Ouganda: Ongwen, ancien chef de la LRA, sera transféré à La Haye

Dominic Ongwen, proche de Joseph Kony et ancien commandant de la LRA, va être remis à la Cour pénale internationale (CPI) pour y être jugé pour crimes de guerre et crimes contre l’humanité. Aux mains des forces américaines en Centrafrique - après sa reddition il y a une semaine -, Ongwen a œuvré pendant près de 25 ans au sein de la sanguinaire rébellion ougandaise, l’Armée de résistance du Seigneur (LRA).



Une patrouille l'armée ougandaise dans la jungle sur les traces des rebelles de la LRA, en avril 2012. AFP PHOTO/STRINGER
Une patrouille l'armée ougandaise dans la jungle sur les traces des rebelles de la LRA, en avril 2012. AFP PHOTO/STRINGER

Le 6 janvier dernier, le département d'Etat américain annonce qu'un homme se présentant comme Dominic Ongwen s'est rendu aux forces américaines en Centrafrique. L'Ouganda confirme très vite l'information, puisqu’Ougandais et Américains occupent la même base. Le ministre ougandais de la Défense affirme dans un premier temps que Dominic Ongwen sera remis à Kampala. Or l'Ouganda n'a jamais lancé de mandat d'arrêt contre lui. En revanche, la Cour pénale internationale (CPI) a bel et bien émis un mandat contre le numéro deux de la LRA. Cela fait partie des cinq mandats émis en 2005 émis contre des responsables de la rébellion ougandaise pour des faits commis en 2004 dans le nord de l'Ouganda.
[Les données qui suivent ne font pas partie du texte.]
lemma upper_cov_product_bounds:
  assumes bounds: "\<And>x y. x \<in> {mu_lo Ps X..mu_up Ps X} \<Longrightarrow> y \<in> {mu_lo Ps Y..mu_up Ps Y} \<Longrightarrow>
      lo \<le> x * y \<and> x * y \<le> hi"
  shows "upper_cov Ps X Y + lo \<le> sublin_exp Ps (\<lambda>w. X w * Y w)"
    and "sublin_exp Ps (\<lambda>w. X w * Y w) \<le> upper_cov Ps X Y + hi"
proof -
  have bdd: "bdd_above ((\<lambda>P. \<integral>w. X w * Y w \<partial>P) ` Ps)"
    using bdd_above_centered_product[of 0 0] by simp
  show "sublin_exp Ps (\<lambda>w. X w * Y w) \<le> upper_cov Ps X Y + hi"
    unfolding sublin_exp_def
  proof (rule cSUP_least[OF Ps_nonempty])
    fix P assume P: "P \<in> Ps"
    have "integral\<^sup>L P X * integral\<^sup>L P Y \<le> hi"
      using bounds[OF integral_mem_mu_interval[OF X P] integral_mem_mu_interval[OF Y P]] by simp
    with covariance_le_upper_cov[OF P] show "(\<integral>w. X w * Y w \<partial>P) \<le> upper_cov Ps X Y + hi"
      by linarith
  qed
  have "upper_cov Ps X Y \<le> sublin_exp Ps (\<lambda>w. X w * Y w) + - lo"
  proof (rule upper_cov_le)
    fix m2 assume m2: "m2 \<in> {mu_lo Ps Y..mu_up Ps Y}"
    define m1 where "m1 = (if 0 \<le> m2 then mu_lo Ps X else mu_up Ps X)"
    have m1: "m1 \<in> {mu_lo Ps X..mu_up Ps X}" using mu_endpoints_mem by (simp add: m1_def)
    have "sublin_exp Ps (\<lambda>w. (X w - m1) * (Y w - m2)) \<le> sublin_exp Ps (\<lambda>w. X w * Y w) + - lo"
    proof (rule sublin_exp_le_add[OF Ps_nonempty bdd])
      fix P assume P: "P \<in> Ps"
      let ?a = "integral\<^sup>L P X" and ?b = "integral\<^sup>L P Y"
      have "m2 * (m1 - ?a) \<le> 0"
        using integral_mem_mu_interval[OF X P]
        by (auto simp: m1_def intro: mult_nonneg_nonpos mult_nonpos_nonneg)
      moreover have "lo \<le> m1 * ?b"
        using bounds[OF m1 integral_mem_mu_interval[OF Y P]] by simp
      moreover have "(\<integral>w. (X w - m1) * (Y w - m2) \<partial>P) = (\<integral>w. X w * Y w \<partial>P) + m2 * (m1 - ?a) - m1 * ?b"
        unfolding integral_centered_product_Ps[OF P] by (simp add: algebra_simps)
      ultimately show "(\<integral>w. (X w - m1) * (Y w - m2) \<partial>P) \<le> (\<integral>w. X w * Y w \<partial>P) + - lo"
        by linarith
    qed
    with m1 show "\<exists>m1\<in>{mu_lo Ps X..mu_up Ps X}.
        sublin_exp Ps (\<lambda>w. (X w - m1) * (Y w - m2)) \<le> sublin_exp Ps (\<lambda>w. X w * Y w) + - lo"
      by blast
  qed
  then show "upper_cov Ps X Y + lo \<le> sublin_exp Ps (\<lambda>w. X w * Y w)" by simp
qed

end

(* Reopened so that the results above can be applied to -X, via lower_cov_eq_neg_upper_cov. *)
context
  fixes X Y :: "'a \<Rightarrow> real"
  assumes X: "finite_second_moment X" and Y: "finite_second_moment Y"
begin

lemma lower_cov_le_corners:
  "lower_cov Ps X Y \<le> - sublin_exp Ps (\<lambda>w. - ((X w - mu_up Ps X) * (Y w - mu_up Ps Y)))"
  "lower_cov Ps X Y \<le> - sublin_exp Ps (\<lambda>w. - ((X w - mu_lo Ps X) * (Y w - mu_lo Ps Y)))"
  using opposite_corners_le_upper_cov[OF finite_second_moment_uminus[OF X] Y]
  unfolding lower_cov_eq_neg_upper_cov mu_up_uminus mu_lo_uminus sublin_exp_uminus_centered
  by simp_all

lemma lower_cov_near_centered:
  assumes m1: "m1 \<in> {mu_lo Ps X..mu_up Ps X}" and m2: "m2 \<in> {mu_lo Ps Y..mu_up Ps Y}"
  shows "- sublin_exp Ps (\<lambda>w. - ((X w - m1) * (Y w - m2)))
           - (mu_up Ps X - mu_lo Ps X) * (mu_up Ps Y - mu_lo Ps Y) \<le> lower_cov Ps X Y"
    and "lower_cov Ps X Y \<le> - sublin_exp Ps (\<lambda>w. - ((X w - m1) * (Y w - m2)))
           + (mu_up Ps X - mu_lo Ps X) * (mu_up Ps Y - mu_lo Ps Y)"
  using m1 upper_cov_near_centered[OF finite_second_moment_uminus[OF X] Y, of "- m1" m2] m2
  unfolding lower_cov_eq_neg_upper_cov mu_up_uminus mu_lo_uminus sublin_exp_uminus_centered
  by (simp_all add: algebra_simps)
D’après le porte-parole de l’armée ougandaise, ce sont les autorités centrafricaines qui vont remettre directement Dominic Ongwen à la Cour pénale internationale. On ignore encore les détails de ce transfert, mais il serait imminent, selon la même source. L’Ouganda, les Etats-Unis et la CPI sont donc arrivés à un consensus, après plusieurs jours de négociations. Plus tôt dans la semaine, Kampala affirmait pourtant qu’il souhaitait juger l’homme sur son territoire avant de changer visiblement d’avis.

A La Haye, « les victimes auront une chance d’obtenir justice et Ongwen de se défendre », argumente encore le porte-parole de l’armée. Il n’est en tout cas pas question d’une amnistie présidentielle comme le suggérait un enregistrement, attribué aux rebelles, diffusé lundi sur une télévision ougandaise et largement repris sur les médias sociaux. Dans cette interview Dominic Ongwen, l'homme se présentant comme le commandant de la LRA, appelait ses anciens compagnons d'armes à se rendre et évoquait un éventuel pardon du président ougandais Yoweri Museveni. Ce mardi, la présidence assurait en effet que l’amnistie ne s’appliquait pas au cas de crimes contre l’humanité ou de crimes de guerre.

Rappelons que Dominic Ongwen est poursuivi de ces deux chefs d’inculpation depuis 2005, après que la CPI a enquêté en Ouganda – à la demande de Kampala – sur les exactions commises par la LRA dans le nord du pays. La rébellion aurait fait, selon l’ONU, plus de 100 000 morts et kidnappé 60 000 mineurs.